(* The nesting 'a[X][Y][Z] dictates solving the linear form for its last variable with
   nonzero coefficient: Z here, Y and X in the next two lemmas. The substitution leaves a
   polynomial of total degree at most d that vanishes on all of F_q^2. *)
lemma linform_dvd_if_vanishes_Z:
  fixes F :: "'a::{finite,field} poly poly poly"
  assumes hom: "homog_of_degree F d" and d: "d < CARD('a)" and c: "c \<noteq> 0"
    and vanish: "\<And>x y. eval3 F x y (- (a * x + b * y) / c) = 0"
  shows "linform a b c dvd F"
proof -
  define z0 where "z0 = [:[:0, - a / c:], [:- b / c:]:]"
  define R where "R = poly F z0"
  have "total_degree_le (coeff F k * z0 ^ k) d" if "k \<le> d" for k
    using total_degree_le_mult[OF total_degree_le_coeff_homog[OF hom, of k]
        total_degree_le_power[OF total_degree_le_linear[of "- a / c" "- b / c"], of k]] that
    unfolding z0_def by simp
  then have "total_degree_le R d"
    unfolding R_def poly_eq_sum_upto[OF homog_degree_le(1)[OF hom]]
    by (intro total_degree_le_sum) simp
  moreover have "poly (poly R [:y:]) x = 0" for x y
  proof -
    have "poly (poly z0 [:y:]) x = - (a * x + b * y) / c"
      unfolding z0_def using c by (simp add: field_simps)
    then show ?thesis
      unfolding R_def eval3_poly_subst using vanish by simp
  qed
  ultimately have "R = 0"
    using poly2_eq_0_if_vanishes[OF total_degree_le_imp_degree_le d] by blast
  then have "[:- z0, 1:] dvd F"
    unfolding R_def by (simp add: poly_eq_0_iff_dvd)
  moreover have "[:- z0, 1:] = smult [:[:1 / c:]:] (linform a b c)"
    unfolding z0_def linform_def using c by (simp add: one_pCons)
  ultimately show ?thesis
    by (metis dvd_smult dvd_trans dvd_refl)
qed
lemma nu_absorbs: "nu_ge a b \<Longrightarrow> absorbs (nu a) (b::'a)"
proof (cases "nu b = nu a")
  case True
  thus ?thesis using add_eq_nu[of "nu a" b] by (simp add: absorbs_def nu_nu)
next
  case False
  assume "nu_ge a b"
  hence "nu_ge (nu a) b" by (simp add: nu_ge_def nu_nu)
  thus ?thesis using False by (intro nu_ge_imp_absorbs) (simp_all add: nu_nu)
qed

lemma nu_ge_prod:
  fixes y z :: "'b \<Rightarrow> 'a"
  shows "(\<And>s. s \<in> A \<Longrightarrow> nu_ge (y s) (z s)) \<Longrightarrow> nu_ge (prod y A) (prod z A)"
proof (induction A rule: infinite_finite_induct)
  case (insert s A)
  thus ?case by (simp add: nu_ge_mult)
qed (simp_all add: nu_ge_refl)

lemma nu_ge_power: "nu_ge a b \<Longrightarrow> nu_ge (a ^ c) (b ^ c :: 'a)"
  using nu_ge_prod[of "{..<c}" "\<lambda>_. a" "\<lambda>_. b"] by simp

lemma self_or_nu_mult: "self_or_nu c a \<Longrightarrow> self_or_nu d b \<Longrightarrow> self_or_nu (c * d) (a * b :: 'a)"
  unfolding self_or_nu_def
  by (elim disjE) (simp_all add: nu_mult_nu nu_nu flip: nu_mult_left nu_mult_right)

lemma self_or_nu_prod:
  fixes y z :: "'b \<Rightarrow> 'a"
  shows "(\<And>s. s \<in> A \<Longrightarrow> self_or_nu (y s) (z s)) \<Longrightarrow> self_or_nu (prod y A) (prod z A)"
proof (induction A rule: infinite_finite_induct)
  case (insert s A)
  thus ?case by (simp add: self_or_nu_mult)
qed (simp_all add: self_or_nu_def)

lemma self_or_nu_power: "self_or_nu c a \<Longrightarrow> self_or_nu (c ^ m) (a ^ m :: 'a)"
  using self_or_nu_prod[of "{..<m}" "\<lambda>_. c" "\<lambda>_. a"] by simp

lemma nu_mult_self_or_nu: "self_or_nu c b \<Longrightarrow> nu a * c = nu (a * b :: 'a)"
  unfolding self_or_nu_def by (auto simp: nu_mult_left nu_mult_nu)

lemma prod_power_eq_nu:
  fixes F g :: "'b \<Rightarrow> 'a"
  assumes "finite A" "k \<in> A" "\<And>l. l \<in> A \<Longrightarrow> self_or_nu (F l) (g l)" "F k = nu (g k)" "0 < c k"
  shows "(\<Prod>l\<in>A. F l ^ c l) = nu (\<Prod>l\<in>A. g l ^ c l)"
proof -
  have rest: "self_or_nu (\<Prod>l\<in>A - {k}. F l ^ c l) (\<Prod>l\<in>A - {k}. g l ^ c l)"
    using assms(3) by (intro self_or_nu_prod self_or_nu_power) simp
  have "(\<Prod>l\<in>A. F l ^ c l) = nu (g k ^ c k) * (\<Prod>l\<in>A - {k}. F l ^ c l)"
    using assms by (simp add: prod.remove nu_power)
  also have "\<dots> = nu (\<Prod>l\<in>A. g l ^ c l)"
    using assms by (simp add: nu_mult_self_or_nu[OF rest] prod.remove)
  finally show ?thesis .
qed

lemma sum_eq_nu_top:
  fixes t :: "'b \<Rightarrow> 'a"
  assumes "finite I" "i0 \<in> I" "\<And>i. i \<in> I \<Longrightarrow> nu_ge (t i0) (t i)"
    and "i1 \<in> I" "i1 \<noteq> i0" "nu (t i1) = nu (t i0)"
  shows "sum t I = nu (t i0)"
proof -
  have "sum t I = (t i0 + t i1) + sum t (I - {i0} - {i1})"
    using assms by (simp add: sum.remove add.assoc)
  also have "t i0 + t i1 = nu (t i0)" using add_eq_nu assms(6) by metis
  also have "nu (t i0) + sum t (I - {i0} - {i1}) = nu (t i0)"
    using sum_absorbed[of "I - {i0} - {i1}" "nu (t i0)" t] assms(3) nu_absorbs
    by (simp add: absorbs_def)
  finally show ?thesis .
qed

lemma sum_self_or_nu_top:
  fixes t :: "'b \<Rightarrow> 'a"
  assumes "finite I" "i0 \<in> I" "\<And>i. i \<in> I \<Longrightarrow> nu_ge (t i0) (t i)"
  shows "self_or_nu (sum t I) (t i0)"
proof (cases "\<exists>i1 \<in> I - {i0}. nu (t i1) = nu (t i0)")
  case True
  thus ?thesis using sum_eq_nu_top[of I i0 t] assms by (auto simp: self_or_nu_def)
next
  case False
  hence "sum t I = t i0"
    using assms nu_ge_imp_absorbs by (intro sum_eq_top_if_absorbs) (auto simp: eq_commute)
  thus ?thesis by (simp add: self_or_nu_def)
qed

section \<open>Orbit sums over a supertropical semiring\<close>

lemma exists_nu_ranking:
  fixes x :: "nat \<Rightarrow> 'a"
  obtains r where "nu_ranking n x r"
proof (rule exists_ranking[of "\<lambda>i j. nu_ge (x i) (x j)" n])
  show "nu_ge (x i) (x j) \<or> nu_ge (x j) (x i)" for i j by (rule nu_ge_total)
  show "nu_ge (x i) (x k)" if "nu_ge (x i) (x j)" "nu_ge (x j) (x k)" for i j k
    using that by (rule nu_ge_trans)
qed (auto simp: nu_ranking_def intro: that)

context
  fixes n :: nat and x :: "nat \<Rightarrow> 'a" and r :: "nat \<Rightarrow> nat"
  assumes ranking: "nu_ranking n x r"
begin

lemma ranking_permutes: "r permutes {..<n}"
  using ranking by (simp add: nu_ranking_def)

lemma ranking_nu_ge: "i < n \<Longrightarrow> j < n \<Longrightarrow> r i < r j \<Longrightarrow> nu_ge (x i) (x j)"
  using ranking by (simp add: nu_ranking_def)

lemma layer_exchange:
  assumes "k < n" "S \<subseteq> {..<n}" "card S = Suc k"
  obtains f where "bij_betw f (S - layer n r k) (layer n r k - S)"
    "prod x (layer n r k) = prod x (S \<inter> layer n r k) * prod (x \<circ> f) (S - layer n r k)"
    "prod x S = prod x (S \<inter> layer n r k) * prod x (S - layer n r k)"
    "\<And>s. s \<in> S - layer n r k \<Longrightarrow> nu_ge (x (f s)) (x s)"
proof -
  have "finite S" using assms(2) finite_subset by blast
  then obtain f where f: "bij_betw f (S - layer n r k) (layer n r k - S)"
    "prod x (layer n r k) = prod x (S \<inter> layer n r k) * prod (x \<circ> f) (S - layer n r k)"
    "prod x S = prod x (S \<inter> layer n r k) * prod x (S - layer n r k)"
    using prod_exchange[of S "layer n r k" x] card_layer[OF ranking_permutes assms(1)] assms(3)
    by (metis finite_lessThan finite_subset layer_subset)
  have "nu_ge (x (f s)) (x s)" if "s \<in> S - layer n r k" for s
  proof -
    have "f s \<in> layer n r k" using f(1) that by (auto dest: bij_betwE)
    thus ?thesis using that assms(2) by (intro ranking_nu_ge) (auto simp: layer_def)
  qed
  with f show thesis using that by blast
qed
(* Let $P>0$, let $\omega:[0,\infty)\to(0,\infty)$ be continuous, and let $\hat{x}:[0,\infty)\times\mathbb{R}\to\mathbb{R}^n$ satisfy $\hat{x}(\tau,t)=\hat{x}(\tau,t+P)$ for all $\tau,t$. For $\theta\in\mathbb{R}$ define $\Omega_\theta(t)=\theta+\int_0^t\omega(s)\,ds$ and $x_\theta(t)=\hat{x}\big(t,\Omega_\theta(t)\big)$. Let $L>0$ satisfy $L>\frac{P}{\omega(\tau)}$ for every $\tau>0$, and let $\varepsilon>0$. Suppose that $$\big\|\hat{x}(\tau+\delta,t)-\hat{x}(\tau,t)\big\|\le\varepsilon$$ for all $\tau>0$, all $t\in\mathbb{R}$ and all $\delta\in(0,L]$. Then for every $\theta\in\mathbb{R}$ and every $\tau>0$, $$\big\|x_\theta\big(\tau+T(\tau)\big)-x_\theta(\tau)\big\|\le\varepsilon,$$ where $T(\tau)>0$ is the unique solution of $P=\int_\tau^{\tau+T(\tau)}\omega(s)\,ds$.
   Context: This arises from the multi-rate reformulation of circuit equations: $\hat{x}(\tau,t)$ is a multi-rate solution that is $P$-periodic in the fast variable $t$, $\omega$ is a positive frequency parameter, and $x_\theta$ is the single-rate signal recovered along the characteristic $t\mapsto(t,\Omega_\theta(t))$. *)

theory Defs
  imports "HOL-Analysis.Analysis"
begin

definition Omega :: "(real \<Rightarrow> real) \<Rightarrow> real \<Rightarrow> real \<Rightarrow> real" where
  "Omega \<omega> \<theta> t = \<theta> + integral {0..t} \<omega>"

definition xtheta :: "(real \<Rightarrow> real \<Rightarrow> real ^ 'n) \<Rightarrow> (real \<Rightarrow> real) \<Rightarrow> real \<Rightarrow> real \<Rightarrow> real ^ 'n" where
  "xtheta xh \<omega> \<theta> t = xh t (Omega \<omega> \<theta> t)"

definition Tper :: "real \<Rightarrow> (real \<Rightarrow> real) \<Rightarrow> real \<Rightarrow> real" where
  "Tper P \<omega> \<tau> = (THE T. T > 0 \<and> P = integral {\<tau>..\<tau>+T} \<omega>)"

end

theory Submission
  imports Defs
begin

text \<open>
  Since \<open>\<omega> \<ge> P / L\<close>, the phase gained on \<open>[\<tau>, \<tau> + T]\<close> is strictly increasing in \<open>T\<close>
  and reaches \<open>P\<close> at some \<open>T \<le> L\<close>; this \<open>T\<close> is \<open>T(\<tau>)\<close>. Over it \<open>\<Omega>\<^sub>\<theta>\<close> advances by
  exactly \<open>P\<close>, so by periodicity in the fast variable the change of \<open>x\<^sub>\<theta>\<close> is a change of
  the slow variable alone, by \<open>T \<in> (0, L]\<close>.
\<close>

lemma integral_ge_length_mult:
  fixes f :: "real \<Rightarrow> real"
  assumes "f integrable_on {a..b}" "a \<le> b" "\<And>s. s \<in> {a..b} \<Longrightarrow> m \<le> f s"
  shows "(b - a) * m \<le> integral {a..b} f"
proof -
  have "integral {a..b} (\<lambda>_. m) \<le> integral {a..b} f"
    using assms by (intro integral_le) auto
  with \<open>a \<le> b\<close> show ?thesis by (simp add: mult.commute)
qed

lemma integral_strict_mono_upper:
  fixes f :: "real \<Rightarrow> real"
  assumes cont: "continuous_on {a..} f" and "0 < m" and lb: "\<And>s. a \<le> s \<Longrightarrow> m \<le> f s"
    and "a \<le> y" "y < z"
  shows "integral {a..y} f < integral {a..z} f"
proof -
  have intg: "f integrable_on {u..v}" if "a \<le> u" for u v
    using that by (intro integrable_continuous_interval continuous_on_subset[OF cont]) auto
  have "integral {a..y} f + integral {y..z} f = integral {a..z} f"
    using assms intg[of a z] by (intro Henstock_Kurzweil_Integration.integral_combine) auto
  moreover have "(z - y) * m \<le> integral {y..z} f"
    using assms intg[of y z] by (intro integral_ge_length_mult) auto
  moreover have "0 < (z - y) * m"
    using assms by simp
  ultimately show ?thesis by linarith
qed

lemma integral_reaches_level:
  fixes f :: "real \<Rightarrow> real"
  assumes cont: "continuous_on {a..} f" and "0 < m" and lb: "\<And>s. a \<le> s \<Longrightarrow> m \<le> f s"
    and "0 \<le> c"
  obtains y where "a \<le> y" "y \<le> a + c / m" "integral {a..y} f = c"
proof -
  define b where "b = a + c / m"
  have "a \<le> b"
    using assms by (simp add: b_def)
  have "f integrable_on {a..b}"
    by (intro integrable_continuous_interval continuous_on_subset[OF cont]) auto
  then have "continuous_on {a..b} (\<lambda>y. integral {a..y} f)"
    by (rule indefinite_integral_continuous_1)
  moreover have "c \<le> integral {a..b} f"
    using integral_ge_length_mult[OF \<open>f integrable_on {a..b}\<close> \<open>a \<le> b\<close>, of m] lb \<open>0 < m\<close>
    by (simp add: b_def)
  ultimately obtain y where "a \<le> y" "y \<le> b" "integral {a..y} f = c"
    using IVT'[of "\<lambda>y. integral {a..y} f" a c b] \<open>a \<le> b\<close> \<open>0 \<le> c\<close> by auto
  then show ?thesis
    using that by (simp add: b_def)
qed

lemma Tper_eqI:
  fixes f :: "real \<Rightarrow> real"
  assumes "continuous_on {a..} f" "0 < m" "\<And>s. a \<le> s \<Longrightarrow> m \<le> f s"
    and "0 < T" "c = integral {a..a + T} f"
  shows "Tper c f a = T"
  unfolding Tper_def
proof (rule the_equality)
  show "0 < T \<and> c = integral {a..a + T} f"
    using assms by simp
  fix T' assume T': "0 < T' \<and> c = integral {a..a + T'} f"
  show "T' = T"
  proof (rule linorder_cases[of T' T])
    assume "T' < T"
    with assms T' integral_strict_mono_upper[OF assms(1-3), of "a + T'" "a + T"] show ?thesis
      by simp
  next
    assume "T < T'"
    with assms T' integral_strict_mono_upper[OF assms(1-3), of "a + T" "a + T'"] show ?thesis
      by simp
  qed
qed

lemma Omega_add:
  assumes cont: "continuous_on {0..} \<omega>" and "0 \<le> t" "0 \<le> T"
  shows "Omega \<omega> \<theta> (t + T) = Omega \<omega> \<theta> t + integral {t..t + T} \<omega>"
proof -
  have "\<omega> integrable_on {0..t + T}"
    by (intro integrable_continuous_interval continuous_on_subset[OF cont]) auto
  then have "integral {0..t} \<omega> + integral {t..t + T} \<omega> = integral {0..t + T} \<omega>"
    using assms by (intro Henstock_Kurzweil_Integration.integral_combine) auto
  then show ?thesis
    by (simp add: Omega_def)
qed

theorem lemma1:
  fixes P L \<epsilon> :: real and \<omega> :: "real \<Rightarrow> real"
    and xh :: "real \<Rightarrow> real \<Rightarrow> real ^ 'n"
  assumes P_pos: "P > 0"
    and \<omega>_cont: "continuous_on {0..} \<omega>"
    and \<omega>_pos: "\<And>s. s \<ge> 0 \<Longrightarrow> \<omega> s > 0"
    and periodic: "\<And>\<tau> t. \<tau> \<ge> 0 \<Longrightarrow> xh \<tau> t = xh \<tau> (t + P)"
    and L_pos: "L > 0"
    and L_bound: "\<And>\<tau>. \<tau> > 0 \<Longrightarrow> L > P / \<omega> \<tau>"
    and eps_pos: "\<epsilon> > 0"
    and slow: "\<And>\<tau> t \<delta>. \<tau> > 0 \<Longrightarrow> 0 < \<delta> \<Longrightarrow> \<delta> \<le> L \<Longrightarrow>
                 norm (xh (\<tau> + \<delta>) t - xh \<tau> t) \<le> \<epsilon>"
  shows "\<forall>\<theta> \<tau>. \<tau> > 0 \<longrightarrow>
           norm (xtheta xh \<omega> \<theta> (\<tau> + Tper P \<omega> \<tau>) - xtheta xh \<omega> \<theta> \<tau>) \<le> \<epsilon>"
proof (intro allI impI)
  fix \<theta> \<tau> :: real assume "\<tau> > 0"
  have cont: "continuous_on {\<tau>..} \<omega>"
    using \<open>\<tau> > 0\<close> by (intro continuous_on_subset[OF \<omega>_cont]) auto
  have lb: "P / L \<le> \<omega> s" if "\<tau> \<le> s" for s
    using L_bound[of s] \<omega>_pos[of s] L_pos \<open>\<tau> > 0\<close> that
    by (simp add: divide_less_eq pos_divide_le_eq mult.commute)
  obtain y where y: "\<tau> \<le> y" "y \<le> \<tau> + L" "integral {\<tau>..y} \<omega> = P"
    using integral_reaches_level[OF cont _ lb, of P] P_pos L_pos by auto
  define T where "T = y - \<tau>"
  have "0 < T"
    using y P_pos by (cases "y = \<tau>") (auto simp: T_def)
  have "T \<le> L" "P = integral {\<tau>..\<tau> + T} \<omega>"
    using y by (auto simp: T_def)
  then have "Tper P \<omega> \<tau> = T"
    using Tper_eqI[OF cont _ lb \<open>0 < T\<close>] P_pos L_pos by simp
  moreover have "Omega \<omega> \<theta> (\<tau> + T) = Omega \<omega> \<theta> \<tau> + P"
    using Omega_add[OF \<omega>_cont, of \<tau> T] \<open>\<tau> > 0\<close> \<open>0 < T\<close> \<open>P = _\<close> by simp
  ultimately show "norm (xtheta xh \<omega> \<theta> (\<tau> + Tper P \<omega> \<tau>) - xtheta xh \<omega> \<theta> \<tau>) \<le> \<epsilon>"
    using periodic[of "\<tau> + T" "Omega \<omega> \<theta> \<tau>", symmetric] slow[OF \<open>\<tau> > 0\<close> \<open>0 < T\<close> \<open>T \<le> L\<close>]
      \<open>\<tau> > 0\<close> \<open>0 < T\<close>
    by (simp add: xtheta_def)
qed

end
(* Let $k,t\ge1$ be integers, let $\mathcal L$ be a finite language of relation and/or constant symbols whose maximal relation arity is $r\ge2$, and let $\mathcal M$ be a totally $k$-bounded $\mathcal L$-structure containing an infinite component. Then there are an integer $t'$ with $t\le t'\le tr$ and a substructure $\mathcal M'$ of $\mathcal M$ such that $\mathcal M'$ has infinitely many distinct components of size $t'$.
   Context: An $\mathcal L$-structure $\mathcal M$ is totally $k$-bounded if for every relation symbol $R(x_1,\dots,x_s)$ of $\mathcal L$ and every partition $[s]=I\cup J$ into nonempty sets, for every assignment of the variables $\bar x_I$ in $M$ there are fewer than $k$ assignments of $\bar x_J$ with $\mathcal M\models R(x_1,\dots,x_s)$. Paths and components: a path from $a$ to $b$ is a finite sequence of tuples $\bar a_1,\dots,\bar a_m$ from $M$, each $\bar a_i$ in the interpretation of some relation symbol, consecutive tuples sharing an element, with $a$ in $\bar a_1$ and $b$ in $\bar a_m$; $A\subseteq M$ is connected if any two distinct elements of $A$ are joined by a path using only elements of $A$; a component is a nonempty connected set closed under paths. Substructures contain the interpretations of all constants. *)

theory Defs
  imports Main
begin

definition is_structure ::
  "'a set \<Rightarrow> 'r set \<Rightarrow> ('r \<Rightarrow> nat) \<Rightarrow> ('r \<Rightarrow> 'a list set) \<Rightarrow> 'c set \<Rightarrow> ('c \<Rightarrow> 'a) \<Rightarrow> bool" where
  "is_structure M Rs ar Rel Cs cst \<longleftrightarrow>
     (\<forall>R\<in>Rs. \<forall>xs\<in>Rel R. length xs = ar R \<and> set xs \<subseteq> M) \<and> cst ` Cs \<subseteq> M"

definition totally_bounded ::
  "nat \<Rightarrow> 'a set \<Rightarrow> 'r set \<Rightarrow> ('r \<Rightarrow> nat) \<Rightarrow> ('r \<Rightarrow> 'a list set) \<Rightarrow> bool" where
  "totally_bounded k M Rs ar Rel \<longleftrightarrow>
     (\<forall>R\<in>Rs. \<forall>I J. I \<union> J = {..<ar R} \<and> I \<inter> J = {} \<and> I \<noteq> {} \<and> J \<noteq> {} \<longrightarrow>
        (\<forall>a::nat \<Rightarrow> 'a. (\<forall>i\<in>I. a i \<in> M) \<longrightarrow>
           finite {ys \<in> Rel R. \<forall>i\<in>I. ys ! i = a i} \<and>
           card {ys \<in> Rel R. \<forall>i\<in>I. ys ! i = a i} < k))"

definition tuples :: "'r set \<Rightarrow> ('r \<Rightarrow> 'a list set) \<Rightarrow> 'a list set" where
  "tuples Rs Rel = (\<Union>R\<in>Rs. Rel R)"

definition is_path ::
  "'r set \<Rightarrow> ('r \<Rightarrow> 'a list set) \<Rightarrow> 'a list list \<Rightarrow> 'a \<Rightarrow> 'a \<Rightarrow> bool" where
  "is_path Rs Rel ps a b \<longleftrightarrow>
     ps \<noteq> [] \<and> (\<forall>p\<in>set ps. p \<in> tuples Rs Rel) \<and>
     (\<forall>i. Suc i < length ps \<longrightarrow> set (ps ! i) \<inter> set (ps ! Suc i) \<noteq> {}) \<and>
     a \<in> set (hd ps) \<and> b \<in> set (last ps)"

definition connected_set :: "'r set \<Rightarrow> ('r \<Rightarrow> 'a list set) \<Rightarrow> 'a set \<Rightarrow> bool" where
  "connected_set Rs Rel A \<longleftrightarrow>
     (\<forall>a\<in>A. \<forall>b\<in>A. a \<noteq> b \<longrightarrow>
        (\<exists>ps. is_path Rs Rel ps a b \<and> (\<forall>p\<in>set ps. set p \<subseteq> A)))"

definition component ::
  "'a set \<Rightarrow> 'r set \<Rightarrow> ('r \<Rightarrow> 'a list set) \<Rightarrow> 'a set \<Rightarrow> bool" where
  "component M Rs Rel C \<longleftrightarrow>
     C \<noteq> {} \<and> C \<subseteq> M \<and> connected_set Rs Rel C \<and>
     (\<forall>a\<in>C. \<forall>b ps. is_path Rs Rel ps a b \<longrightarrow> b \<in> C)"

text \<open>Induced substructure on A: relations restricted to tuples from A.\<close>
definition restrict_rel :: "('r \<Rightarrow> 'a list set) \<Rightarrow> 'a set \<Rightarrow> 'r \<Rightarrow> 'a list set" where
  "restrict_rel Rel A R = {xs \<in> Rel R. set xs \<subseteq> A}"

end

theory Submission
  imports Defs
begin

**WORK INSTRUCTIONS**:
Return nothing but the lines from the top of the records above through the line that has "A \<Longrightarrow> nu_ge". Keep each one exact.

**SOLUTION FOR THIS PROBLEM**:
(* The nesting 'a[X][Y][Z] dictates solving the linear form for its last variable with
   nonzero coefficient: Z here, Y and X in the next two lemmas. The substitution leaves a
   polynomial of total degree at most d that vanishes on all of F_q^2. *)
lemma linform_dvd_if_vanishes_Z:
  fixes F :: "'a::{finite,field} poly poly poly"
  assumes hom: "homog_of_degree F d" and d: "d < CARD('a)" and c: "c \<noteq> 0"
    and vanish: "\<And>x y. eval3 F x y (- (a * x + b * y) / c) = 0"
  shows "linform a b c dvd F"
proof -
  define z0 where "z0 = [:[:0, - a / c:], [:- b / c:]:]"
  define R where "R = poly F z0"
  have "total_degree_le (coeff F k * z0 ^ k) d" if "k \<le> d" for k
    using total_degree_le_mult[OF total_degree_le_coeff_homog[OF hom, of k]
        total_degree_le_power[OF total_degree_le_linear[of "- a / c" "- b / c"], of k]] that
    unfolding z0_def by simp
  then have "total_degree_le R d"
    unfolding R_def poly_eq_sum_upto[OF homog_degree_le(1)[OF hom]]
    by (intro total_degree_le_sum) simp
  moreover have "poly (poly R [:y:]) x = 0" for x y
  proof -
    have "poly (poly z0 [:y:]) x = - (a * x + b * y) / c"
      unfolding z0_def using c by (simp add: field_simps)
    then show ?thesis
      unfolding R_def eval3_poly_subst using vanish by simp
  qed
  ultimately have "R = 0"
    using poly2_eq_0_if_vanishes[OF total_degree_le_imp_degree_le d] by blast
  then have "[:- z0, 1:] dvd F"
    unfolding R_def by (simp add: poly_eq_0_iff_dvd)
  moreover have "[:- z0, 1:] = smult [:[:1 / c:]:] (linform a b c)"
    unfolding z0_def linform_def using c by (simp add: one_pCons)
  ultimately show ?thesis
    by (metis dvd_smult dvd_trans dvd_refl)
qed
lemma nu_absorbs: "nu_ge a b \<Longrightarrow> absorbs (nu a) (b::'a)"
proof (cases "nu b = nu a")
  case True
  thus ?thesis using add_eq_nu[of "nu a" b] by (simp add: absorbs_def nu_nu)
next
  case False
  assume "nu_ge a b"
  hence "nu_ge (nu a) b" by (simp add: nu_ge_def nu_nu)
  thus ?thesis using False by (intro nu_ge_imp_absorbs) (simp_all add: nu_nu)
qed

lemma nu_ge_prod:
  fixes y z :: "'b \<Rightarrow> 'a"
  shows "(\<And>s. s \<in> A \<Longrightarrow> nu_ge (y s) (z s)) \<Longrightarrow> nu_ge (prod y A) (prod z A)"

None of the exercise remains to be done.